The Nickel Boys by Colson Whitehead (Doubleday, 2019)
The Nickel Boys follows the life of Elwood Curtis, a business owner living in New York City. In the present day, an investigation takes place into the Nickel Academy that had been closed for several years. The investigation exposes the school’s hidden history of brutalities, including many bodies that were secretly buried on the grounds. Many men who were jailed at Nickel Academy are deciding to come forward to share their experiences of what happened there. Elwood Curtis is forced to tackle the long-term impacts of his experiences.
In 1960s Tallahassee, Elwood Curtis is a hardworking high school student with an idealistic sense of justice. Motivated by Martin Luther King Jr. and the civil rights movement, he always tried to speak out about injustices. When he was chosen to attend a university to start earning credits for college, he was very excited. However, on the first day, he decides hitchhike with an African American man. When they are pulled over, it is revealed that the vehicle was stolen. Elwood is arrested and convicted. He is sent to Nickel Academy, a juvenile detention center. Most boys at Nickel Academy receive poor education, are made to perform hard labor, and regularly receive harsh physical reprimands. The staff ignores and conceals sexual abuse and visits to the “White House,” from which some boys never come back. The children are segregated by race, with black boys facing the worst treatment. Elwood makes friends with another boy by the name of Turner. Turner has been in the Nickel Academy for a while and knows how everything works. Elwood tries to serve his time while keeping his head down but is gravely beaten on two instances: once for interfering when a young boy was being attacked by sexual predators, and once after writing a letter to inspectors describing the facility’s inadequate conditions and mistreatment. Turner overhears the administration’s plan to have Elwood killed and they decide to try to escape. Elwood is shot and killed while Turner avoids being captured. We then discover that Turner has been using Elwood’s name and tried to live up to his principles. In the present day, he finally exposes his history and real name, Jack Turner, to his wife, then heads back to Florida to tell his friend’s story.

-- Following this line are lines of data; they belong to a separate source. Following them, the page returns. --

(* There exist an absolute constant $c>0$, a calibrated distribution $\mathcal D$ of $(p,y)\in[0,1]\times\{0,1\}$, and a decision task $Z=(A,U)$ with $U:A\times\{0,1\}\to[0,1]$ such that for every positive integer $T$ and every randomized response function $r:[0,1]\to\Delta(A)$, if $S$ is the uniform distribution on $T$ i.i.d. data points drawn from $\mathcal D$, then with probability at least $1/3$ over $S$, $\mathsf{SR}_Z(r,S)\ge c\,T^{-1/2}$.
   Context: A distribution of $(p,y)$ is calibrated if $\mathbb E[y\mid p]=p$. A decision task $Z=(A,U)$ consists of an action set $A$ and a utility function $U:A\times\{0,1\}\to[0,1]$. For a randomized response function $r:[0,1]\to\Delta(A)$ and a distribution $\mathcal D$ on $[0,1]\times\{0,1\}$, the swap regret is $\mathsf{SR}_Z(r,\mathcal D)=\sup_{\sigma:A\to A}\mathbb E_{(p,y)\sim\mathcal D,\,a\sim r(p)}[U(\sigma(a),y)-U(a,y)]$. *)

theory Defs
  imports "HOL-Probability.Probability"
begin

definition calibrated :: "(real \<times> real) pmf \<Rightarrow> bool" where
  "calibrated D \<longleftrightarrow>
     set_pmf D \<subseteq> {0..1} \<times> {0,1} \<and>
     (\<forall>p \<in> fst ` set_pmf D.
        measure_pmf.expectation (cond_pmf D {z. fst z = p}) snd = p)"

definition decision_task :: "nat set \<Rightarrow> (nat \<Rightarrow> real \<Rightarrow> real) \<Rightarrow> bool" where
  "decision_task A U \<longleftrightarrow> A \<noteq> {} \<and> finite A \<and>
     (\<forall>a\<in>A. \<forall>y\<in>{0,1}. U a y \<in> {0..1})"

definition response_fn :: "nat set \<Rightarrow> (real \<Rightarrow> nat pmf) \<Rightarrow> bool" where
  "response_fn A r \<longleftrightarrow> (\<forall>p\<in>{0..1}. set_pmf (r p) \<subseteq> A)"

definition swap_regret ::
  "nat set \<Rightarrow> (nat \<Rightarrow> real \<Rightarrow> real) \<Rightarrow> (real \<Rightarrow> nat pmf) \<Rightarrow> (real \<times> real) pmf \<Rightarrow> real" where
  "swap_regret A U r D =
     (SUP \<sigma>\<in>{\<sigma>. \<sigma> ` A \<subseteq> A}.
        measure_pmf.expectation D
          (\<lambda>(p, y). measure_pmf.expectation (r p) (\<lambda>a. U (\<sigma> a) y - U a y)))"

definition empirical :: "'a list \<Rightarrow> 'a pmf" where
  "empirical xs = map_pmf (\<lambda>i. xs ! i) (pmf_of_set {..<length xs})"

end

theory Submission
  imports Defs
begin

text \<open>
  The witness is the calibrated distribution that always predicts 1/2 while y is a fair coin,
  together with four actions whose utilities are affine in y, so that U a F is the expected
  utility of a against a coin of bias F; the best action changes at F = 19/40, 1/2 and 21/40.
  The response r(1/2) puts mass at least 1/4 on some action a, and swapping every action to
  the best response against the empirical frequency F = k/T gains at least a quarter of the
  loss of a at F. With probability at least 1/3 over k ~ Bin(T, 1/2) this loss is at least
  (1/2500)/sqrt T: for the outer actions it is a constant as soon as F lies on the wrong side
  of 1/2, for the inner ones it is at least |F - 1/2| on one side, and F deviates from 1/2 by
  order 1/sqrt T with constant probability because no point mass of Bin(T, 1/2) exceeds
  1/sqrt(3 floor(T/2) + 1).
\<close>

section \<open>Anti-concentration of the fair binomial distribution\<close>

lemma Suc_times_binomial_odd_middle:
  "Suc m * (Suc (2 * m) choose m) = Suc (2 * m) * ((2 * m) choose m)"
  using binomial_absorb_comp[of "Suc (2 * m)" m] by (simp add: Suc_diff_le)

lemma central_binomial_Suc:
  "((2 * Suc m) choose Suc m) * Suc m = 2 * (2 * m + 1) * ((2 * m) choose m)"
proof -
  have "Suc m * (((2 * Suc m) choose Suc m) * Suc m) = Suc m * (Suc (Suc (2 * m)) * (Suc (2 * m) choose m))"
    using Suc_times_binomial_eq[of "Suc (2 * m)" m] by simp
  also have "\<dots> = Suc (Suc (2 * m)) * (Suc m * (Suc (2 * m) choose m))"
    by (simp only: ac_simps)
  also have "\<dots> = Suc m * (2 * (2 * m + 1) * ((2 * m) choose m))"
    unfolding Suc_times_binomial_odd_middle by simp
  finally show ?thesis
    by (simp only: mult_cancel1) simp
qed

lemma central_binomial_sq_le: "real ((2 * m) choose m)^2 * (3 * real m + 1) \<le> 16 ^ m"
proof (induction m)
  case 0
  then show ?case by simp
next
  case (Suc m)
  define c where "c = real ((2 * m) choose m)"
  define c' where "c' = real ((2 * Suc m) choose Suc m)"
  have rec: "c' * (real m + 1) = 2 * (2 * m + 1) * c"
    unfolding c_def c'_def using arg_cong[OF central_binomial_Suc[of m], of real]
    by (simp del: binomial_Suc_Suc add: algebra_simps)
  have "c'^2 * (3 * real (Suc m) + 1) * (real m + 1)^2 = (c' * (real m + 1))^2 * (3 * m + 4)"
    by (simp add: power_mult_distrib)
  also have "\<dots> = c^2 * (4 * (2 * m + 1)^2 * (3 * m + 4))"
    unfolding rec by (simp add: power2_eq_square algebra_simps)
  also have "\<dots> \<le> c^2 * (16 * (3 * m + 1) * (real m + 1)^2)"
    by (intro mult_left_mono) (simp_all add: power2_eq_square algebra_simps)
  also have "\<dots> \<le> 16 ^ Suc m * (real m + 1)^2"
    using mult_right_mono[OF Suc.IH, of "16 * (real m + 1)^2"] unfolding c_def by (simp add: algebra_simps)
  finally show ?case
    unfolding c'_def by (rule mult_right_le_imp_le) simp
qed

lemma binomial_odd_middle_le: "(Suc (2 * m) choose m) \<le> 2 * ((2 * m) choose m)"
proof -
  have "Suc m * (Suc (2 * m) choose m) \<le> Suc m * (2 * ((2 * m) choose m))"
    unfolding Suc_times_binomial_odd_middle
    by simp
  then show ?thesis
    by (simp only: mult_le_cancel1)
qed

lemma binomial_middle_sq_le: "real (n choose (n div 2))^2 * (3 * real (n div 2) + 1) \<le> 4 ^ n"
proof (cases "even n")
  case True
  then obtain m where "n = 2 * m" by blast
  then show ?thesis
    using central_binomial_sq_le[of m] by (simp add: power_mult)
next
  case False
  then obtain m where n: "n = Suc (2 * m)" using oddE by fastforce
  have "real (n choose (n div 2))^2 \<le> 4 * real ((2 * m) choose m)^2"
    using power_mono[of "real (n choose (n div 2))" "2 * real ((2 * m) choose m)" 2]
      binomial_odd_middle_le[of m]
    unfolding n by (simp add: power_mult_distrib flip: of_nat_mult)
  then have "real (n choose (n div 2))^2 * (3 * real (n div 2) + 1)
      \<le> 4 * (real ((2 * m) choose m)^2 * (3 * real m + 1))"
    unfolding n by (simp add: mult_right_mono)
  also have "\<dots> \<le> 4 ^ n"
    using central_binomial_sq_le[of m] unfolding n by (simp add: power_mult)
  finally show ?thesis .
qed

lemma pmf_binomial_half: "pmf (binomial_pmf n (1/2)) k = real (n choose k) / 2 ^ n"
  by (cases "k \<le> n") (simp_all add: power_one_over power_add [symmetric])

lemma pmf_binomial_half_le: "pmf (binomial_pmf n (1/2)) k \<le> 1 / sqrt (3 * real (n div 2) + 1)"
proof -
  have "((2::real) ^ n)^2 = 4 ^ n"
    by (simp add: power2_eq_square flip: power_mult_distrib)
  then have "(real (n choose (n div 2)) / 2 ^ n)^2 \<le> 1 / (3 * real (n div 2) + 1)"
    using binomial_middle_sq_le[of n] by (simp add: field_simps)
  then have "real (n choose (n div 2)) / 2 ^ n \<le> 1 / sqrt (3 * real (n div 2) + 1)"
    by (metis real_le_rsqrt real_sqrt_divide real_sqrt_one)
  moreover have "real (n choose k) / 2 ^ n \<le> real (n choose (n div 2)) / 2 ^ n"
    by (simp add: binomial_maximum divide_right_mono)
  ultimately show ?thesis
    unfolding pmf_binomial_half by linarith
qed

lemma prob_binomial_half_eq_sum:
  "measure_pmf.prob (binomial_pmf n (1/2)) X = (\<Sum>k\<in>{..n} \<inter> X. pmf (binomial_pmf n (1/2)) k)"
  using measure_Int_set_pmf[of "binomial_pmf n (1/2)" X]
  by (simp add: measure_measure_pmf_finite Int_commute)

lemma prob_binomial_half_le_card:
  "measure_pmf.prob (binomial_pmf n (1/2)) X \<le> card ({..n} \<inter> X) / sqrt (3 * real (n div 2) + 1)"
  unfolding prob_binomial_half_eq_sum
  using sum_bounded_above[of "{..n} \<inter> X" "pmf (binomial_pmf n (1/2))", OF pmf_binomial_half_le]
  by simp

lemma prob_binomial_half_mirror:
  assumes "\<And>k. k \<le> n \<Longrightarrow> k \<in> Y \<longleftrightarrow> n - k \<in> X"
  shows "measure_pmf.prob (binomial_pmf n (1/2)) Y = measure_pmf.prob (binomial_pmf n (1/2)) X"
  unfolding prob_binomial_half_eq_sum pmf_binomial_half
  by (rule sum.reindex_bij_witness[of _ "\<lambda>k. n - k" "\<lambda>k. n - k"])
     (use assms in \<open>auto simp: binomial_symmetric[symmetric]\<close>)

lemma prob_binomial_half_cover:
  assumes "\<And>k. k \<le> n \<Longrightarrow> k \<in> X \<union> Y"
  shows "1 \<le> measure_pmf.prob (binomial_pmf n (1/2)) X + measure_pmf.prob (binomial_pmf n (1/2)) Y"
proof -
  have "measure_pmf.prob (binomial_pmf n (1/2)) (X \<union> Y) = 1"
    using assms by (subst measure_pmf.prob_eq_1) (auto simp: AE_measure_pmf_iff)
  then show ?thesis
    using measure_Un_le[of X "measure_pmf (binomial_pmf n (1/2))" Y] by simp
qed

lemma prob_binomial_half_ge_half:
  "1/2 \<le> measure_pmf.prob (binomial_pmf n (1/2)) {k. n \<le> 2 * k}"
  "1/2 \<le> measure_pmf.prob (binomial_pmf n (1/2)) {k. 2 * k \<le> n}"
proof -
  have "measure_pmf.prob (binomial_pmf n (1/2)) {k. n \<le> 2 * k}
      = measure_pmf.prob (binomial_pmf n (1/2)) {k. 2 * k \<le> n}"
    by (rule prob_binomial_half_mirror) auto
  moreover have "1 \<le> measure_pmf.prob (binomial_pmf n (1/2)) {k. n \<le> 2 * k}
      + measure_pmf.prob (binomial_pmf n (1/2)) {k. 2 * k \<le> n}"
    by (rule prob_binomial_half_cover) auto
  ultimately show
    "1/2 \<le> measure_pmf.prob (binomial_pmf n (1/2)) {k. n \<le> 2 * k}"
    "1/2 \<le> measure_pmf.prob (binomial_pmf n (1/2)) {k. 2 * k \<le> n}"
    by linarith+
qed

lemma prob_binomial_half_ne_middle:
  assumes "n \<ge> 1"
  shows "1/2 \<le> measure_pmf.prob (binomial_pmf n (1/2)) {k. 2 * k \<noteq> n}"
proof -
  have "measure_pmf.prob (binomial_pmf n (1/2)) {k. 2 * k = n} \<le> 1/2"
  proof (cases "even n")
    case True
    then have "{..n} \<inter> {k. 2 * k = n} = {n div 2}"
      by auto
    then have "measure_pmf.prob (binomial_pmf n (1/2)) {k. 2 * k = n} \<le> 1 / sqrt (3 * real (n div 2) + 1)"
      using prob_binomial_half_le_card[of n "{k. 2 * k = n}"] by simp
    also have "\<dots> \<le> 1 / 2"
      using True assms by (intro divide_left_mono real_le_rsqrt) auto
    finally show ?thesis .
  next
    case False
    then have "{..n} \<inter> {k. 2 * k = n} = {}"
      by auto
    then show ?thesis
      using prob_binomial_half_le_card[of n "{k. 2 * k = n}"] by simp
  qed
  moreover have "1 \<le> measure_pmf.prob (binomial_pmf n (1/2)) {k. 2 * k \<noteq> n}
      + measure_pmf.prob (binomial_pmf n (1/2)) {k. 2 * k = n}"
    by (rule prob_binomial_half_cover) auto
  ultimately show ?thesis
    by linarith
qed

lemma card_nat_in_open_interval_le:
  fixes a b :: real
  assumes "finite S" and "\<And>k. k \<in> S \<Longrightarrow> a < real k \<and> real k < b" and "a \<le> b"
  shows "real (card S) \<le> b - a + 1"
proof (cases "S = {}")
  case True
  then show ?thesis
    using assms(3) by simp
next
  case False
  have "card S \<le> card {Min S..Max S}"
    using assms(1) by (intro card_mono) auto
  also have "\<dots> = Suc (Max S) - Min S"
    by simp
  finally have "real (card S) \<le> real (Max S) + 1 - real (Min S)"
    using Min_le[OF assms(1) Max_in[OF assms(1) False]] by linarith
  moreover have "real (Max S) < b" "a < real (Min S)"
    using assms(2)[OF Max_in[OF assms(1) False]] assms(2)[OF Min_in[OF assms(1) False]] by auto
  ultimately show ?thesis
    by linarith
qed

Colson Whitehead reveals the truth about a reform school that operated for 111 years. He revealed the harsh and unjust treatment of young black boys that destroyed their lives. This book gives very descriptive imagery on how these boys were treated and the condition they were in. If this book is taught, students could see the harsh treatments that these black children faced. It also shows how in society today, hanging out in a wrong crowd, or being in the wrong place at the wrong time, could ruin your entire life in just an instant. It shows the injustices of what happens to black children. They are not even given a chance. They are sent straight to jail without anyone defending them and without anyone telling judges and authority figures who they really are as a person, or who they can be.